Ok, this is my third post tonight and I'm beginning to catch up. The brief flurry is partly the result of attempting to defrag my hard drive last night, which knocked out the computer for about 18 hours. I eventually halted the process today having succeeded on covering about 17% of the drive. I'm going to have to do that job in stages. My own fault for ignoring it for far too long.

But back to the photos. After the mist of recent days, we had a glorious sunny Easter Monday. We spent the afternoon at Rottingdean. It was more crowded than usual (well it would be), but the fulmars weren't keen on inviting visitors in for tea. As this jackdaw found out!

fulmar and jackdaw

fulmar and jackdaw

fulmar and jackdaw

fulmar and jackdaw"And don't come back"
Nature Blog Network
Camera note: all shots taken with the EF 400mm f/5.6L USM lens.

This Post Has 18 Comments

  1. 😆 @ jackdaw But it looks nice on the white background 🙂

    As for your computer, 18 hours is a way too much. Maybe you should consider to turn off all unnecessary processes that may be running in the background – some of them is making changes on your hard drive and defragmenter needs to return to that part. It happened to me with some printer drivers before. And turn off Internet connection.

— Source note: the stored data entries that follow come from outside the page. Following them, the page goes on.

locale rru =
  fixes M :: "'a measure" and \<mu> \<nu> :: "real measure" and U V W :: "nat \<Rightarrow> 'a \<Rightarrow> real"
    and \<beta> x y :: real
  assumes prob_space_M: "prob_space M"
    and \<mu>: "prob_space \<mu>" "sets \<mu> = sets borel" "measure \<mu> {0..\<beta>} = 1"
    and \<nu>: "prob_space \<nu>" "sets \<nu> = sets borel" "measure \<nu> {0..\<beta>} = 1"
    and U_measurable [measurable]: "\<And>i. U i \<in> borel_measurable M"
    and V_measurable [measurable]: "\<And>i. V i \<in> borel_measurable M"
    and W_measurable [measurable]: "\<And>i. W i \<in> borel_measurable M"
    and V_uniform: "\<And>i. distr M borel (V i) = uniform_measure lborel {0..1}"
    and W_uniform: "\<And>i. distr M borel (W i) = uniform_measure lborel {0..1}"
    and initial: "0 \<le> x" "0 \<le> y" "0 < \<beta>" "2 * \<beta> \<le> x + y"
begin

sublocale prob_space M by (rule prob_space_M)

abbreviation "st n \<omega> \<equiv> rru_state \<mu> \<nu> U V W x y n \<omega>"
abbreviation "RX j \<omega> \<equiv> quantile \<mu> (V j \<omega>)"
abbreviation "RY j \<omega> \<equiv> quantile \<nu> (W j \<omega>)"
abbreviation "Z n \<equiv> rru_Z \<mu> \<nu> U V W x y n"
abbreviation "F n \<equiv> rru_filt M \<mu> \<nu> U V W x y n"
abbreviation "Mart n \<equiv> rru_M M \<mu> \<nu> U V W x y n"
abbreviation "bracket n \<equiv> rru_bracket M \<mu> \<nu> U V W x y n"
abbreviation "bracket_inf \<equiv> rru_bracket_inf M \<mu> \<nu> U V W x y"
abbreviation "dZ j \<omega> \<equiv> Z (Suc j) \<omega> - Z j \<omega>"

definition D :: "nat \<Rightarrow> 'a \<Rightarrow> real" where
  "D n \<omega> = fst (st n \<omega>) + snd (st n \<omega>)"

definition bounded_reinforcements :: "'a \<Rightarrow> bool" where
  "bounded_reinforcements \<omega> \<longleftrightarrow> (\<forall>j. RX j \<omega> \<in> {0..\<beta>} \<and> RY j \<omega> \<in> {0..\<beta>})"

lemma state_Suc:
  "st (Suc n) \<omega> =
    (let I = (if U (Suc n) \<omega> \<le> fst (st n \<omega>) / D n \<omega> then 1 else 0 :: real)
     in (fst (st n \<omega>) + RX (Suc n) \<omega> * I, snd (st n \<omega>) + RY (Suc n) \<omega> * (1 - I)))"
  by (simp add: D_def split_beta Let_def)

lemma Z_eq: "Z n \<omega> = fst (st n \<omega>) / D n \<omega>"
  by (simp add: rru_Z_def D_def split_beta)

lemma state_nonneg_D_ge:
  assumes "bounded_reinforcements \<omega>"
  shows "0 \<le> fst (st n \<omega>) \<and> 0 \<le> snd (st n \<omega>) \<and> x + y \<le> D n \<omega>"
proof (induction n)
  case 0
  then show ?case using initial by (simp add: D_def)
next
  case (Suc n)
  have "0 \<le> RX (Suc n) \<omega>" "0 \<le> RY (Suc n) \<omega>"
    using assms by (auto simp: bounded_reinforcements_def)
  with Suc show ?case unfolding state_Suc Let_def D_def by auto
qed

lemma D_pos: "bounded_reinforcements \<omega> \<Longrightarrow> 0 < D n \<omega>"
  using state_nonneg_D_ge[of \<omega> n] initial by linarith

lemma Z_in_unit_interval: "bounded_reinforcements \<omega> \<Longrightarrow> 0 \<le> Z n \<omega> \<and> Z n \<omega> \<le> 1"
  using state_nonneg_D_ge[of \<omega> n] D_pos[of \<omega> n] by (auto simp: Z_eq D_def)

lemma sq_increment_Z_le:
  assumes bounded: "bounded_reinforcements \<omega>"
  shows "(dZ n \<omega>)\<^sup>2 \<le> \<beta> * (1 / D n \<omega> - 1 / D (Suc n) \<omega>)"
proof -
  obtain X Y where XY: "st n \<omega> = (X, Y)" by fastforce
  have D_n: "D n \<omega> = X + Y" by (simp add: D_def XY)
  have state: "0 \<le> X" "0 \<le> Y" "0 < X + Y"
    using state_nonneg_D_ge[OF bounded, of n] D_pos[OF bounded, of n] by (auto simp: D_def XY)
  have R: "0 \<le> RX (Suc n) \<omega>" "RX (Suc n) \<omega> \<le> \<beta>" "0 \<le> RY (Suc n) \<omega>" "RY (Suc n) \<omega> \<le> \<beta>"
    using bounded by (auto simp: bounded_reinforcements_def)
  show ?thesis
  proof (cases "U (Suc n) \<omega> \<le> X / (X + Y)")
    case True
    then have "st (Suc n) \<omega> = (X + RX (Suc n) \<omega>, Y)" by (simp add: state_Suc D_n XY)
    then show ?thesis
      using urn_proportion_gain_sq_le[OF state R(1,2)] by (simp add: Z_eq D_def XY add_ac)
  next
    case False
    then have "st (Suc n) \<omega> = (X, Y + RY (Suc n) \<omega>)" by (simp add: state_Suc D_n XY)
    then show ?thesis
      using urn_proportion_loss_sq_le[OF state R(3,4)] by (simp add: Z_eq D_def XY add_ac)
  qed
qed

lemma sum_sq_increments_Z_le:
  assumes bounded: "bounded_reinforcements \<omega>"
  shows "(\<Sum>k<m. (dZ (n + k) \<omega>)\<^sup>2) \<le> \<beta> / (x + y)"
proof -
  have telescope: "(\<Sum>k<m. (dZ (n + k) \<omega>)\<^sup>2) \<le> \<beta> * (1 / D n \<omega> - 1 / D (n + m) \<omega>)"
  proof (induction m)
    case (Suc m)
    then show ?case
      using sq_increment_Z_le[OF bounded, of "n + m"] by (simp add: algebra_simps)
  qed simp
  have "1 / D n \<omega> \<le> 1 / (x + y)"
    using state_nonneg_D_ge[OF bounded, of n] initial by (intro divide_left_mono) auto
  moreover have "0 \<le> 1 / D (n + m) \<omega>" using D_pos[OF bounded] by (simp add: less_imp_le)
  ultimately have "1 / D n \<omega> - 1 / D (n + m) \<omega> \<le> 1 / (x + y)" by linarith
  then have "\<beta> * (1 / D n \<omega> - 1 / D (n + m) \<omega>) \<le> \<beta> * (1 / (x + y))"
    using initial by (intro mult_left_mono) auto
  with telescope show ?thesis by simp
qed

  2. Wow what a big mouth that Fulmar has! :yikes: 😆 Hope you PC gets better soon.

  3. Darko, I've turned off network, internet, AV and run relatively few processes anyway, but I could try to strip it back a bit further and see what happens. Thanks for the tip.

  4. Mark, I love the way they gape like that at all comers. They can spit apparently, but I've not seen them do that (yet). The PC will be fine. I'm just trying to speed it up. It may take a while, but I'll get there. 🙂

  5. The jackdaw is great against the white :up: and the fulmar is a little bit scary :nervous: Is it a juvenile or a mature bird?

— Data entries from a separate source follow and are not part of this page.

(* In the hyperfractal mobile network model with constant node speed $v$, for all positive integers $n_i,n_j$, $$I(n_i,n_j)\le \frac{1}{v(n_i+n_j)}.$$
   Context: The map is the unit square; streets are horizontal or vertical segments of length $1$ (the lines of the hyperfractal support $\mathcal{X}_l=\{(b2^{-(l+1)},y): b \text{ odd},\, 1\le b\le 2^{l+1}-1, y\in[0,1]\}\cup\{(x,b2^{-(l+1)}): b \text{ odd},\, 1\le b\le 2^{l+1}-1, x\in[0,1]\}$). Mobile nodes on a street are uniformly located (Poisson) on the street and move along it at constant speed $v$ in either direction (streets bidirectional). Canyon effect: a node transmits only to nodes on its own street; a packet passes to a perpendicular street only when a node carrying it reaches the intersection, at which moment it can transmit to a node on the perpendicular street. $I(n_i,n_j)$ denotes the average time a packet takes to pass from a street containing $n_i$ nodes to an intersecting street containing $n_j$ nodes, assuming all nodes on the first street carry the packet. *)

theory Defs
  imports "HOL-Probability.Probability"
begin

text \<open>Model of one node on a street of length 1 (coordinate in [0,1]).
  A node is described by its position x (uniform on [0,1]) and its direction
  of motion (True = increasing coordinate, False = decreasing), uniform.
  Streets are traversed cyclically (position taken modulo the street length 1),
  so the time for a node at x with direction d to reach the point c of its
  street is the following.\<close>

definition node_space :: "(real \<times> bool) measure" where
  "node_space = uniform_measure lborel {0..1} \<Otimes>\<^sub>M uniform_count_measure (UNIV :: bool set)"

  6. Wow, it's a brave corvid that would mess with a fulmar :eyes: I think the jackdaw has probably learned its lesson :whistle: Talking of corvids, I had the bizarre experience yesterday of looking out the train window and seeing a magpie attempting to fly off with a very large slow worm (which I hope escaped as magpies aren't about to starve any time soon and we're very short on reptiles in this neck of woods…)

    I haven't had to defrag my new laptop yet, but my old computer would only take a couple of hours or so, even if I hadn't done it for weeks :confused:

  7. I just hope you don`t have very old hard disks and that you have a backup :insane:

  8. Wow – is it fulmars that can skwert and oil liquid on attacking birds? If so that jackdaw had a lucky escape!

    Whata re you using to defrag? The built in windows ones are rather slow.

  9. Adele, I fear for the slow worm population. Cats are the main threat round here. I had a pleasant surprise clearing the garden yesterday and came across three slow worms together (they'd hidden by the time I got the camera), plus another one in a different part of the garden. They don't come out too often, but they're there.

    The defrag was something I've putting off for far too long… at least a year and with the amount of upload/deletes of images the drive was in a very nasty state. The Windows defragger is rubbish so I tried something called Ultradefrag (that was the one that took 18 hours to do 17% of the drive), and then today ran Diskeeper, which is fab! It still took several hours but at least I could use the machine properly while it ran, and it's now running permanently in the background. I'll test for a few more days and then buy.

  10. Darko, well everything important is backed up (like the photos). I eventually got something called "Diskeeper 2009" which worked a treat. The defrag took 6.5 hours (which for a 360 GB drive in bad shape was good), plus it will now defrag on the fly so no more problems. It's a 30 day trial program so if the machine stays good I'll probably buy it.

  11. Anna, I think those are mature birds (I've not seen any young yet). Tough birds, for sure. They mainly live over the Atlantic.

  12. One small tip. You may test it using Photoshop or other photographs editing software, while it works in the background. Use the biggest photographs you have. If your software works without unusual glitches, then Diskeeper works fine. If you haven`t change anything after Windows installation, processor and memory usage should be set to work best with active programs and not the ones in the background, so your editing software will work fine and the background ones will not interfere.

  13. Thanks Darko, Photoshop seems fine so far (a dozen images open, all but I'll keep an eye on it. The Windows memory usage hasn't been touched. I have stopped most of the services that I don't need, and I limit the number of applications that run on start-up, so memory is fairly efficient (I just don't have enough 😉 )

  14. We all need more memory 😀

  15. Awesome photo story!!

  16. Darko, and I now have more memory 😉 And for anyone just catching this thread, the PC died shortly after the defrag :((all apps disappeared in a crash). So not the best recommended route, but a timely reminder of the value of backing up relentlessly if you take photos.

  17. Lois thanks! It was a good moment to get.